The Motobecane is the same frame as the Fuji except with a little different component mix. Try the carbon fork, it's great. Most people I know turn over there bikes after ten years. If my fork is shot after 10 years of hard riding I have no complaints and can pick up a replacement for less than $200.


----------



## drosenberg (Jun 13, 2006)

undies said:


> It looks like there might be lowrider eyelets on that carbon frame, but I can't be certain. This wouldn't be a first though. Last year's model of the Specialized Sequoia Elite had a carbon fork with lowrider mounts, and this year's Tricross Sport has a carbon fork with rack eyelets.
> 
> 
> 
> ...


I have bought two bikes from this internet vendor. Her service is great. She answers all questions immediately. She's great with making sure that you get the right size frame. If there are any problems she replaces things immediately. Plus you don't get LBS attitude.
I rented a Jamis Aurora. It's okay, but it can't hold a candle to the Motobecane. It's heavier and lower level of components, although it was a great rental bike. I rented one in Colorado, so I can attested that it is geared for climbing.


----------



## Durandal (Aug 31, 2005)

If you're looking for a touring bike go with the Windsor Tourist or the Fuji Touring, same bike, different paint. But If you want a CX bike, well, what the others said.

If you do intend to do long unsuported tours the Cro-Mo frame on the Fuji/windsor will be more comfortable the the Aluminum one shown above.


----------



## Lifelover (Jul 8, 2004)

*That's interesting*



drosenberg said:


> The Motobecane is the same frame as the Fuji except with a little different component mix....


I checked the specs and while they are very similar they did have a few differences. Mostly different Aluminum and a different fork. The geo was very close.
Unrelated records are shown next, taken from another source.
lemma F_mult_normal: "x \<in> T \<Longrightarrow> F x *v nu0 x = 0"
  by (simp add: F_def matrix_vector_mult_add_rdistrib projP_mult_vec tgradV_mult_normal normal_unit)

lemma cofactor_F_mult_normal_nonzero: "x \<in> T \<Longrightarrow> cofactor (F x) *v nu0 x \<noteq> 0"
  using rank_F by (intro cofactor_mult_kernel_nonzero F_mult_normal normal_unit) auto

lemma transpose_F_mult_nu: "x \<in> T \<Longrightarrow> transpose (F x) *v nu x = 0"
  using rank_F transpose_mult_cofactor_mult_vec[of "F x" "nu0 x"]
  by (simp add: nu_def matrix_vector_mult_scaleR det_eq_0_rank)

lemma nu0_nth_differentiable: "x \<in> T \<Longrightarrow> (\<lambda>y. nu0 y $ i) differentiable (at x)"
  using T_subset_U by (intro differentiable_vec_nth C2_on_differentiable_at[OF nu0_smooth open_U]) auto

lemma tgrad_u_nth_differentiable:
  "x \<in> T \<Longrightarrow> (\<lambda>y. tgrad nu0 (\<lambda>z. u z $ i) y $ k) differentiable (at x)"
  using T_subset_U
  by (intro tgrad_vec_nth_differentiable nu0_nth_differentiable
      amb_grad_vec_nth_differentiable[OF u_smooth open_U]) auto

lemma F_entry_eq:
  "F y $ i $ k = ((mat 1 :: real^3^3) $ i $ k - nu0 y $ i * nu0 y $ k) + tgrad nu0 (\<lambda>z. u z $ i) y $ k"
  by (simp add: F_def projP_def outer_def tgradV_def)

lemma F_entry_differentiable:
  assumes "x \<in> T"
  shows "(\<lambda>y. F y $ i $ k) differentiable (at x)"
  unfolding F_entry_eq
  by (intro differentiable_add differentiable_diff differentiable_mult differentiable_const
      nu0_nth_differentiable[OF assms] tgrad_u_nth_differentiable[OF assms])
Basically the same numbers but just displayed differently.

Is Motobecane and Fuji the same company?


----------



## OneBadDad (Jan 13, 2007)

*thanks Everyone for the Input*

Thanks everyone for your input, very helpful. I think this is the bike I want. I would really like to cyclocross and road bike with a tour once in a while. Thanks everybody

Russ J.


----------



## drosenberg (Jun 13, 2006)

*Perfect for that*



OneBadDad said:


> I am contiplating buying the Motobecan Fantom Cross for a Cyclocross/Touring/Road bike. Up to now I have only ridden mt. bikes but have always wanted road bike and do long touring rides (non-supported). Being able to do a cyclocross race once in a while sounds intriguing as well. The seller claims it is a do anything bike. Is this asking too much of a bike?
> 
> Here is the link to the bike: http://cgi.ebay.com/ws/eBayISAPI.dl...ndexURL=4&photoDisplayType=2#ebayphotohosting
> 
> Thanks, Russ J


I have that bike and just completed over 340 miles in four days with two loaded panniers. It was a fairly flat ride, but the bike was outstanding. I also us it for commuting and some off road. Its a very good all around bike. You should also consider the Fantom Cross Pro which is about $300 more with better components and a brushed al frame.
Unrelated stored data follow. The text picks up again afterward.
(* Fix speeds $v_1,v_2,v_3>0$ and turning-rate magnitudes $w_1,w_3>0$. Let LSL denote the CSC path with inputs $\mathbf{u}_1=(v_1,w_1)$, $\mathbf{u}_2=(v_2,0)$, $\mathbf{u}_3=(v_3,w_3)$, and RSR the CSC path with inputs $\mathbf{u}_1=(v_1,-w_1)$, $\mathbf{u}_2=(v_2,0)$, $\mathbf{u}_3=(v_3,-w_3)$. Then for every start pose $\mathbf{p}_0$ and every pose $\mathbf{p}_f=(x_f,y_f,\theta_f)$, $\mathbf{p}_f$ is reachable from $\mathbf{p}_0$ by the LSL path or by the RSR path (or both). Equivalently, for each $\theta_f$ the open discs $\{(x_f,y_f):(x_f-c)^2+(y_f-d)^2<r_{31}^2\}$ associated with LSL and with RSR are disjoint.
   Context: A pose is $\mathbf{p}=(x,y,\theta)$, heading understood modulo $2\pi$. An input is $\mathbf{u}=(v,\omega)$. The motion primitive $\mathrm{M}_{\mathbf{u},\tau}$ maps $(x,y,\theta)$ to: if $\omega\neq0$, $\big(x-\frac{v}{\omega}(\sin\theta-\sin(\theta+\omega\tau)),\ y+\frac{v}{\omega}(\cos\theta-\cos(\theta+\omega\tau)),\ \theta+\omega\tau\big)$; if $\omega=0$, $(x+v\tau\cos\theta,\ y+v\tau\sin\theta,\ \theta)$. For a path with fixed inputs $\mathbf{u}_1,\mathbf{u}_2,\mathbf{u}_3$, a pose $\mathbf{p}_f$ is reachable from $\mathbf{p}_0=(x_0,y_0,\theta_0)$ if there exist $\tau_1,\tau_2,\tau_3\ge0$, with $|\omega_i\tau_i|<2\pi$ for turning segments, such that $\mathrm{M}_{\mathbf{u}_3,\tau_3}(\mathrm{M}_{\mathbf{u}_2,\tau_2}(\mathrm{M}_{\mathbf{u}_1,\tau_1}(\mathbf{p}_0)))$ has position $(x_f,y_f)$ and heading congruent to $\theta_f$ modulo $2\pi$. For a CSC path, $r_i=v_i/\omega_i$ ($i=1,3$), $r_{31}=r_3-r_1$, $c=x_0-r_1\sin\theta_0+r_3\sin\theta_f$, $d=y_0+r_1\cos\theta_0-r_3\cos\theta_f$; a CSC path reaches $\mathbf{p}_f$ iff $(x_f-c)^2+(y_f-d)^2\ge r_{31}^2$. *)

theory Defs
  imports Complex_Main
begin

type_synonym pose = "real \<times> real \<times> real"   (* (x, y, theta) *)
type_synonym input = "real \<times> real"         (* (v, omega) *)

definition motion :: "input \<Rightarrow> real \<Rightarrow> pose \<Rightarrow> pose" where
  "motion u \<tau> p = (case u of (v, \<omega>) \<Rightarrow> case p of (x, y, \<theta>) \<Rightarrow>
     (if \<omega> \<noteq> 0 then
        (x - v / \<omega> * (sin \<theta> - sin (\<theta> + \<omega> * \<tau>)),
         y + v / \<omega> * (cos \<theta> - cos (\<theta> + \<omega> * \<tau>)),
         \<theta> + \<omega> * \<tau>)
      else (x + v * \<tau> * cos \<theta>, y + v * \<tau> * sin \<theta>, \<theta>)))"

definition admissible :: "input \<Rightarrow> real \<Rightarrow> bool" where
  "admissible u \<tau> \<longleftrightarrow> \<tau> \<ge> 0 \<and> (snd u \<noteq> 0 \<longrightarrow> \<bar>snd u * \<tau>\<bar> < 2 * pi)"

definition heading_cong :: "real \<Rightarrow> real \<Rightarrow> bool" where
  "heading_cong a b \<longleftrightarrow> (\<exists>k::int. a = b + 2 * pi * of_int k)"

definition reachable :: "input \<Rightarrow> input \<Rightarrow> input \<Rightarrow> pose \<Rightarrow> pose \<Rightarrow> bool" where
  "reachable u1 u2 u3 p0 pf \<longleftrightarrow>
     (\<exists>\<tau>1 \<tau>2 \<tau>3. admissible u1 \<tau>1 \<and> admissible u2 \<tau>2 \<and> admissible u3 \<tau>3 \<and>
        (let q = motion u3 \<tau>3 (motion u2 \<tau>2 (motion u1 \<tau>1 p0)) in
          fst q = fst pf \<and> fst (snd q) = fst (snd pf) \<and>
          heading_cong (snd (snd q)) (snd (snd pf))))"

end

theory Submission imports Defs begin

text \<open>
  Write \<open>z = (x\<^sub>f - x\<^sub>0, y\<^sub>f - y\<^sub>0)\<close> and \<open>A = (r\<^sub>3 sin \<theta>\<^sub>f - r\<^sub>1 sin \<theta>\<^sub>0, r\<^sub>1 cos \<theta>\<^sub>0 - r\<^sub>3 cos \<theta>\<^sub>f)\<close>.
  Negating both turning rates negates both radii, so the obstructing disc of LSL is centred
  at \<open>A\<close> and that of RSR at \<open>-A\<close> (relative to \<open>z\<close>), both of radius \<open>|r\<^sub>3 - r\<^sub>1|\<close>.
  Since \<open>A\<close> is a difference of vectors of lengths \<open>r\<^sub>3\<close> and \<open>r\<^sub>1\<close>, \<open>|A| \<ge> |r\<^sub>3 - r\<^sub>1|\<close>, and the
  parallelogram law \<open>|z - A|\<^sup>2 + |z + A|\<^sup>2 = 2|z|\<^sup>2 + 2|A|\<^sup>2\<close> shows that \<open>z\<close> cannot lie in both
  discs. Outside its disc a CSC path is constructed explicitly: write the offset from the
  centre as \<open>L (cos \<phi>, sin \<phi>) + r\<^sub>3\<^sub>1 (-sin \<phi>, cos \<phi>)\<close> with \<open>L \<ge> 0\<close>, turn to heading \<open>\<phi>\<close>,
  drive straight for length \<open>L\<close>, then turn to \<open>\<theta>\<^sub>f\<close>.
\<close>

lemma representative_mod_2pi:
  fixes a :: real
  obtains t and k :: int where "0 \<le> t" "t < 2 * pi" "a = t + 2 * pi * of_int k"
proof
  let ?k = "\<lfloor>a / (2 * pi)\<rfloor>"
  have "2 * pi * of_int ?k \<le> 2 * pi * (a / (2 * pi))"
    by (intro mult_left_mono) simp_all
  then show "0 \<le> a - 2 * pi * of_int ?k"
    by simp
  have "2 * pi * (a / (2 * pi)) < 2 * pi * (of_int ?k + 1)"
    by (intro mult_strict_left_mono) simp_all
  then show "a - 2 * pi * of_int ?k < 2 * pi"
    by (simp add: algebra_simps)
qed simp

lemma turning_reaches_heading:
  fixes \<omega> \<theta> \<alpha> :: real
  assumes "\<omega> \<noteq> 0"
  obtains \<tau> where "\<tau> \<ge> 0" "\<bar>\<omega> * \<tau>\<bar> < 2 * pi" "heading_cong (\<theta> + \<omega> * \<tau>) \<alpha>"
proof -
  \<comment> \<open>Turn by \<open>t \<in> [0, 2\<pi>)\<close>, the angle still to go in the direction of \<open>\<omega>\<close>.\<close>
  obtain t and k :: int where t: "0 \<le> t" "t < 2 * pi"
    and k: "(if \<omega> > 0 then \<alpha> - \<theta> else \<theta> - \<alpha>) = t + 2 * pi * of_int k"
    using representative_mod_2pi by blast
  show ?thesis
  proof
    show "t / \<bar>\<omega>\<bar> \<ge> 0" "\<bar>\<omega> * (t / \<bar>\<omega>\<bar>)\<bar> < 2 * pi"
      using t assms by (simp_all add: abs_mult)
    have "\<theta> + \<omega> * (t / \<bar>\<omega>\<bar>) = \<alpha> + 2 * pi * of_int (if \<omega> > 0 then - k else k)"
      using k assms by (auto split: if_splits)
    then show "heading_cong (\<theta> + \<omega> * (t / \<bar>\<omega>\<bar>)) \<alpha>"
      unfolding heading_cong_def by blast
  qed
qed

lemma exists_tangent_decomposition:
  fixes X Y r :: real
  assumes "r\<^sup>2 \<le> X\<^sup>2 + Y\<^sup>2"
  obtains L \<phi> where "L \<ge> 0" "X = L * cos \<phi> - r * sin \<phi>" "Y = L * sin \<phi> + r * cos \<phi>"
proof -
  define N where "N = X\<^sup>2 + Y\<^sup>2"
  define L where "L = sqrt (N - r\<^sup>2)"
  have L: "L \<ge> 0" "L\<^sup>2 = N - r\<^sup>2"
    using assms by (simp_all add: L_def N_def)
  show ?thesis
  proof (cases "N = 0")
    case True
    then have "X = 0" "Y = 0" "r = 0"
      using assms by (simp_all add: N_def sum_power2_eq_zero_iff)
    with L show ?thesis
      using that by auto
  next
    case False
    then have N: "N > 0"
      by (simp add: N_def sum_power2_gt_zero_iff sum_power2_eq_zero_iff)
    \<comment> \<open>\<open>(cos \<phi>, sin \<phi>)\<close> is \<open>(X, Y)\<close> rotated back by the angle of \<open>(L, r)\<close>, which has the same length.\<close>
    define c where "c = (X * L + Y * r) / N"
    define s where "s = (Y * L - X * r) / N"
    have "(X * L + Y * r)\<^sup>2 + (Y * L - X * r)\<^sup>2 = N * (L\<^sup>2 + r\<^sup>2)"
      by (simp add: N_def power2_eq_square algebra_simps)
    also have "\<dots> = N\<^sup>2"
      using L(2) by (simp add: power2_eq_square)
    finally have "c\<^sup>2 + s\<^sup>2 = 1"
      using N by (simp add: c_def s_def power_divide add_divide_distrib[symmetric])
    then obtain \<phi> where \<phi>: "c = cos \<phi>" "s = sin \<phi>"
      by (rule sincos_total_2pi)
    have "L * c - r * s = X * (L\<^sup>2 + r\<^sup>2) / N" "L * s + r * c = Y * (L\<^sup>2 + r\<^sup>2) / N"
      using N by (simp_all add: c_def s_def field_simps power2_eq_square)
    then have "X = L * c - r * s" "Y = L * s + r * c"
      using L(2) N by simp_all
    with L \<phi> show ?thesis
      using that by blast
  qed
qed

lemma csc_reachable_outside_disc:
  fixes v1 v2 v3 \<omega>1 \<omega>3 x0 y0 \<theta>0 xf yf \<theta>f :: real
  defines "r1 \<equiv> v1 / \<omega>1" and "r3 \<equiv> v3 / \<omega>3"
  assumes "\<omega>1 \<noteq> 0" "\<omega>3 \<noteq> 0" "v2 > 0"
    and "(r3 - r1)\<^sup>2 \<le> (xf - x0 - (r3 * sin \<theta>f - r1 * sin \<theta>0))\<^sup>2
                        + (yf - y0 - (r1 * cos \<theta>0 - r3 * cos \<theta>f))\<^sup>2"
  shows "reachable (v1, \<omega>1) (v2, 0) (v3, \<omega>3) (x0, y0, \<theta>0) (xf, yf, \<theta>f)"
proof -
  obtain L \<phi> where L: "L \<ge> 0"
    and X: "xf - x0 - (r3 * sin \<theta>f - r1 * sin \<theta>0) = L * cos \<phi> - (r3 - r1) * sin \<phi>"
    and Y: "yf - y0 - (r1 * cos \<theta>0 - r3 * cos \<theta>f) = L * sin \<phi> + (r3 - r1) * cos \<phi>"
    using exists_tangent_decomposition assms(6) by blast
  obtain \<tau>1 where \<tau>1: "\<tau>1 \<ge> 0" "\<bar>\<omega>1 * \<tau>1\<bar> < 2 * pi" "heading_cong (\<theta>0 + \<omega>1 * \<tau>1) \<phi>"
    using turning_reaches_heading assms(3) by blast
  obtain \<tau>3 where \<tau>3: "\<tau>3 \<ge> 0" "\<bar>\<omega>3 * \<tau>3\<bar> < 2 * pi"
    "heading_cong (\<theta>0 + \<omega>1 * \<tau>1 + \<omega>3 * \<tau>3) \<theta>f"
    using turning_reaches_heading assms(4) by blast
  have sincos1: "sin (\<theta>0 + \<omega>1 * \<tau>1) = sin \<phi>" "cos (\<theta>0 + \<omega>1 * \<tau>1) = cos \<phi>"
    using \<tau>1(3) sin_cos_eq_iff unfolding heading_cong_def by blast+
  have sincos3: "sin (\<theta>0 + \<omega>1 * \<tau>1 + \<omega>3 * \<tau>3) = sin \<theta>f"
    "cos (\<theta>0 + \<omega>1 * \<tau>1 + \<omega>3 * \<tau>3) = cos \<theta>f"
    using \<tau>3(3) sin_cos_eq_iff unfolding heading_cong_def by blast+
  define \<tau>2 where "\<tau>2 = L / v2"
  have \<tau>2: "\<tau>2 \<ge> 0" "v2 * \<tau>2 = L"
    using L assms(5) by (simp_all add: \<tau>2_def)
  have "motion (v3, \<omega>3) \<tau>3 (motion (v2, 0) \<tau>2 (motion (v1, \<omega>1) \<tau>1 (x0, y0, \<theta>0))) =
      (x0 - r1 * (sin \<theta>0 - sin \<phi>) + L * cos \<phi> - r3 * (sin \<phi> - sin \<theta>f),
       y0 + r1 * (cos \<theta>0 - cos \<phi>) + L * sin \<phi> + r3 * (cos \<phi> - cos \<theta>f),
       \<theta>0 + \<omega>1 * \<tau>1 + \<omega>3 * \<tau>3)"
    using assms(3,4) sincos1 sincos3 \<tau>2 by (simp add: motion_def r1_def r3_def)
  also have "\<dots> = (xf, yf, \<theta>0 + \<omega>1 * \<tau>1 + \<omega>3 * \<tau>3)"
    using X Y by (simp add: algebra_simps)
  finally show ?thesis
    unfolding reachable_def admissible_def using \<tau>1 \<tau>2 \<tau>3
    by (intro exI[of _ \<tau>1] exI[of _ \<tau>2] exI[of _ \<tau>3]) simp
qed

lemma circle_points_dist_sq_ge:
  fixes r1 r3 \<alpha> \<beta> :: real
  assumes "0 \<le> r1 * r3"
  shows "(r3 - r1)\<^sup>2 \<le> (r3 * sin \<beta> - r1 * sin \<alpha>)\<^sup>2 + (r1 * cos \<alpha> - r3 * cos \<beta>)\<^sup>2"
proof -
  have "(r3 * sin \<beta> - r1 * sin \<alpha>)\<^sup>2 + (r1 * cos \<alpha> - r3 * cos \<beta>)\<^sup>2
      = r1\<^sup>2 + r3\<^sup>2 - 2 * (r1 * r3) * cos (\<alpha> - \<beta>)"
    by (simp add: cos_diff power2_eq_square algebra_simps flip: distrib_left)
  moreover have "(r1 * r3) * cos (\<alpha> - \<beta>) \<le> r1 * r3"
    using mult_left_mono[OF cos_le_one assms] by simp
  ultimately show ?thesis
    by (simp add: power2_diff algebra_simps)
qed

lemma outside_one_of_opposite_discs:
  fixes a b p q \<rho> :: real
  assumes "\<rho> \<le> p\<^sup>2 + q\<^sup>2"
  shows "\<rho> \<le> (a - p)\<^sup>2 + (b - q)\<^sup>2 \<or> \<rho> \<le> (a + p)\<^sup>2 + (b + q)\<^sup>2"
proof -
  have "(a - p)\<^sup>2 + (b - q)\<^sup>2 + ((a + p)\<^sup>2 + (b + q)\<^sup>2) = 2 * (a\<^sup>2 + b\<^sup>2) + 2 * (p\<^sup>2 + q\<^sup>2)"
    by (simp add: power2_eq_square algebra_simps)
  with assms show ?thesis
    by (smt (verit) zero_le_power2)
qed

theorem theorem3:
  fixes v1 v2 v3 w1 w3 :: real and p0 pf :: pose
  assumes "v1 > 0" "v2 > 0" "v3 > 0" "w1 > 0" "w3 > 0"
  shows "reachable (v1, w1) (v2, 0) (v3, w3) p0 pf \<or>
         reachable (v1, - w1) (v2, 0) (v3, - w3) p0 pf"
proof -
  obtain x0 y0 \<theta>0 xf yf \<theta>f where poses: "p0 = (x0, y0, \<theta>0)" "pf = (xf, yf, \<theta>f)"
    by (metis prod.exhaust)
  define r1 where "r1 = v1 / w1"
  define r3 where "r3 = v3 / w3"
  have "0 \<le> r1 * r3"
    using assms by (simp add: r1_def r3_def)
  from outside_one_of_opposite_discs[OF circle_points_dist_sq_ge[OF this, of \<theta>f \<theta>0],
      of "xf - x0" "yf - y0"]
  show ?thesis
  proof
    assume "(r3 - r1)\<^sup>2 \<le> (xf - x0 - (r3 * sin \<theta>f - r1 * sin \<theta>0))\<^sup>2
                          + (yf - y0 - (r1 * cos \<theta>0 - r3 * cos \<theta>f))\<^sup>2"
    then show ?thesis
      unfolding poses r1_def r3_def
      by (intro disjI1 csc_reachable_outside_disc) (use assms in simp_all)
  next
    assume "(r3 - r1)\<^sup>2 \<le> (xf - x0 + (r3 * sin \<theta>f - r1 * sin \<theta>0))\<^sup>2
                          + (yf - y0 + (r1 * cos \<theta>0 - r3 * cos \<theta>f))\<^sup>2"
    then show ?thesis
      unfolding poses r1_def r3_def
      by (intro disjI2 csc_reachable_outside_disc)
        (use assms in \<open>simp_all add: power2_commute algebra_simps\<close>)
  qed
qed

end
see pix http://picasaweb.google.com/djrruns/PittsburghToDCBikeTrip


----------



## Lifelover (Jul 8, 2004)

drosenberg said:


> I have that bike and just completed over 340 miles in four days with two loaded panniers. It was a fairly flat ride, but the bike was outstanding. I also us it for commuting and some off road. Its a very good all around bike. You should also consider the Fantom Cross Pro which is about $300 more with better components and a brushed al frame.
> 
> see pix http://picasaweb.google.com/djrruns/PittsburghToDCBikeTrip


Great shots! Looks as if you buddy with the Cdale cheated as far the load he carried. Did he ever wish he had the panniers? 

Did you have to jack you rear rack up like that to prevent heel strike? That seems like the one area that a CX bike would not be as good as a tourer.


----------



## drosenberg (Jun 13, 2006)

My buddy went a little light, but he was glad I brought a windbreaker to loan him when he started getting a little hypothermic. As far as my rack, I didn't think about. That's just how I put it on. My buddy put his rack up too high. With that bag as each day went on and the miles added it got harder and harder for him to swing his leg over the bag.


----------